What the task requires ::
Your task is to copy every line of this material exactly.

* * * * * * *

lemma lexordp_upt_least:
  fixes \<nu> :: "nat list"
  assumes "sorted_wrt (<) \<nu>" and "\<forall>i\<in>set \<nu>. s \<le> i"
  shows "[s..<s + length \<nu>] = \<nu> \<or> lexordp (<) [s..<s + length \<nu>] \<nu>"
  using assms
proof (induction \<nu> arbitrary: s)
  case (Cons i \<nu>)
  have upt: "[s..<s + length (i # \<nu>)] = s # [Suc s..<Suc s + length \<nu>]"
    using upt_conv_Cons[of s "s + Suc (length \<nu>)"] by simp
  show ?case
  proof (cases "i = s")
    case True
    then have "[Suc s..<Suc s + length \<nu>] = \<nu> \<or> lexordp (<) [Suc s..<Suc s + length \<nu>] \<nu>"
      using Cons.prems by (intro Cons.IH) (auto simp: Suc_le_eq)
    then show ?thesis using True unfolding upt by (auto simp: List.lexordp_def simp del: upt_Suc)
  next
    case False
    then show ?thesis using Cons.prems unfolding upt by (auto simp: List.lexordp_def simp del: upt_Suc)
  qed
qed simp

lemma CHAR_finite_field:
  assumes "prime p" and "card (UNIV :: 'a::{finite, field} set) = p ^ h"
  shows "CHAR('a) = p"
proof -
  have "prime CHAR('a)" by (simp add: finite_imp_CHAR_pos prime_CHAR_semidom)
  moreover have "CHAR('a) dvd p ^ h" using CHAR_dvd_CARD[where 'a = 'a] assms(2) by simp
  ultimately show ?thesis using assms(1) by (metis prime_dvd_power primes_dvd_imp_eq)
qed

lemma (in field_hom) CHAR_eq: "CHAR('b) = CHAR('a)"
  by (rule CHAR_eqI) (auto simp: of_nat_eq_0_iff_char_dvd simp flip: hom_of_nat)

locale fermat_curve_hasse = fermat_curve \<iota> a b n m x y + hasse_schmidt D
  for \<iota> :: "'a::field \<Rightarrow> 'k::field" and a b n m x y and D :: "nat \<Rightarrow> 'k \<Rightarrow> 'k" +
  fixes \<tau> :: 'k
  assumes D_emb: "0 < k \<Longrightarrow> D k (\<iota> c) = 0"
    and D_1_separating: "D 1 \<tau> = 1"
begin

lemma hasse_constant_emb: "hasse_constant r (\<iota> c)"
  by (simp add: hasse_constant_iff D_emb)

lemma x_or_y_not_hasse_constant: "\<not> (hasse_constant 2 x \<and> hasse_constant 2 y)"
proof
  assume xy: "hasse_constant 2 x \<and> hasse_constant 2 y"
  have poly_xy: "hasse_constant 2 (\<Sum>i<N. \<Sum>j<N. \<iota> (P i j) * x ^ i * y ^ j)" for N P
    using xy by (intro hasse_constant_sum hasse_constant_mult hasse_constant_power hasse_constant_emb)
      auto
  obtain N P Q where "\<tau> = (\<Sum>i<N. \<Sum>j<N. \<iota> (P i j) * x ^ i * y ^ j)
      / (\<Sum>i<N. \<Sum>j<N. \<iota> (Q i j) * x ^ i * y ^ j)"
    using function_field unfolding fermat_function_field_def by blast
  then have "hasse_constant 2 \<tau>" using poly_xy by (simp add: hasse_constant_divide)
  then show False using D_1_separating by (simp add: hasse_constant_2_iff)
qed

lemma hasse_constant_emb_mult_power:
  assumes "prime CHAR('k)" and "r \<le> CHAR('k)" and "CHAR('k) dvd e"
  shows "hasse_constant r (\<iota> c * u ^ e)"
proof -
  obtain l where "e = CHAR('k) * l" using assms(3) by (elim dvdE)
  then have "u ^ e = (u ^ l) ^ CHAR('k)" by (simp add: mult.commute flip: power_mult)
  then have "hasse_constant CHAR('k) (u ^ e)"
    using hasse_constant_CHAR_power[OF assms(1), of "u ^ l"] by simp
  then show ?thesis
    using assms(2) by (intro hasse_constant_mult hasse_constant_emb) (rule hasse_constant_mono)
qed

lemma w_not_hasse_constant:
  assumes "hasse_constant 2 t" and "hasse_constant 2 g"
  shows "\<not> hasse_constant 2 w"
proof
  assume "hasse_constant 2 w"
  then have "hasse_constant 2 (inverse t * w\<^sup>2) \<and> hasse_constant 2 (inverse g * (1 - w))"
    using assms by (simp add: hasse_constant_mult hasse_constant_inverse hasse_constant_power
        hasse_constant_diff hasse_constant_1)
  then have "hasse_constant 2 x \<and> hasse_constant 2 y" by (simp only: x_via_w y_via_w)
  with x_or_y_not_hasse_constant show False ..
qed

* * * * * * *

Answer section ::
lemma lexordp_upt_least:
  fixes \<nu> :: "nat list"
  assumes "sorted_wrt (<) \<nu>" and "\<forall>i\<in>set \<nu>. s \<le> i"
  shows "[s..<s + length \<nu>] = \<nu> \<or> lexordp (<) [s..<s + length \<nu>] \<nu>"
  using assms
proof (induction \<nu> arbitrary: s)
  case (Cons i \<nu>)
  have upt: "[s..<s + length (i # \<nu>)] = s # [Suc s..<Suc s + length \<nu>]"
    using upt_conv_Cons[of s "s + Suc (length \<nu>)"] by simp
  show ?case
  proof (cases "i = s")
    case True
    then have "[Suc s..<Suc s + length \<nu>] = \<nu> \<or> lexordp (<) [Suc s..<Suc s + length \<nu>] \<nu>"
      using Cons.prems by (intro Cons.IH) (auto simp: Suc_le_eq)
    then show ?thesis using True unfolding upt by (auto simp: List.lexordp_def simp del: upt_Suc)
  next
    case False
    then show ?thesis using Cons.prems unfolding upt by (auto simp: List.lexordp_def simp del: upt_Suc)
  qed
qed simp

lemma CHAR_finite_field:
  assumes "prime p" and "card (UNIV :: 'a::{finite, field} set) = p ^ h"
  shows "CHAR('a) = p"
proof -
  have "prime CHAR('a)" by (simp add: finite_imp_CHAR_pos prime_CHAR_semidom)
  moreover have "CHAR('a) dvd p ^ h" using CHAR_dvd_CARD[where 'a = 'a] assms(2) by simp
  ultimately show ?thesis using assms(1) by (metis prime_dvd_power primes_dvd_imp_eq)
qed

lemma (in field_hom) CHAR_eq: "CHAR('b) = CHAR('a)"
  by (rule CHAR_eqI) (auto simp: of_nat_eq_0_iff_char_dvd simp flip: hom_of_nat)

locale fermat_curve_hasse = fermat_curve \<iota> a b n m x y + hasse_schmidt D
  for \<iota> :: "'a::field \<Rightarrow> 'k::field" and a b n m x y and D :: "nat \<Rightarrow> 'k \<Rightarrow> 'k" +
  fixes \<tau> :: 'k
  assumes D_emb: "0 < k \<Longrightarrow> D k (\<iota> c) = 0"
    and D_1_separating: "D 1 \<tau> = 1"
begin

lemma hasse_constant_emb: "hasse_constant r (\<iota> c)"
  by (simp add: hasse_constant_iff D_emb)

lemma x_or_y_not_hasse_constant: "\<not> (hasse_constant 2 x \<and> hasse_constant 2 y)"
proof
  assume xy: "hasse_constant 2 x \<and> hasse_constant 2 y"
  have poly_xy: "hasse_constant 2 (\<Sum>i<N. \<Sum>j<N. \<iota> (P i j) * x ^ i * y ^ j)" for N P
    using xy by (intro hasse_constant_sum hasse_constant_mult hasse_constant_power hasse_constant_emb)
      auto
  obtain N P Q where "\<tau> = (\<Sum>i<N. \<Sum>j<N. \<iota> (P i j) * x ^ i * y ^ j)
      / (\<Sum>i<N. \<Sum>j<N. \<iota> (Q i j) * x ^ i * y ^ j)"
    using function_field unfolding fermat_function_field_def by blast
  then have "hasse_constant 2 \<tau>" using poly_xy by (simp add: hasse_constant_divide)
  then show False using D_1_separating by (simp add: hasse_constant_2_iff)
qed

lemma hasse_constant_emb_mult_power:
  assumes "prime CHAR('k)" and "r \<le> CHAR('k)" and "CHAR('k) dvd e"
  shows "hasse_constant r (\<iota> c * u ^ e)"
proof -
  obtain l where "e = CHAR('k) * l" using assms(3) by (elim dvdE)
  then have "u ^ e = (u ^ l) ^ CHAR('k)" by (simp add: mult.commute flip: power_mult)
  then have "hasse_constant CHAR('k) (u ^ e)"
    using hasse_constant_CHAR_power[OF assms(1), of "u ^ l"] by simp
  then show ?thesis
    using assms(2) by (intro hasse_constant_mult hasse_constant_emb) (rule hasse_constant_mono)
qed

lemma w_not_hasse_constant:
  assumes "hasse_constant 2 t" and "hasse_constant 2 g"
  shows "\<not> hasse_constant 2 w"
proof
  assume "hasse_constant 2 w"
  then have "hasse_constant 2 (inverse t * w\<^sup>2) \<and> hasse_constant 2 (inverse g * (1 - w))"
    using assms by (simp add: hasse_constant_mult hasse_constant_inverse hasse_constant_power
        hasse_constant_diff hasse_constant_1)
  then have "hasse_constant 2 x \<and> hasse_constant 2 y" by (simp only: x_via_w y_via_w)
  with x_or_y_not_hasse_constant show False ..
qed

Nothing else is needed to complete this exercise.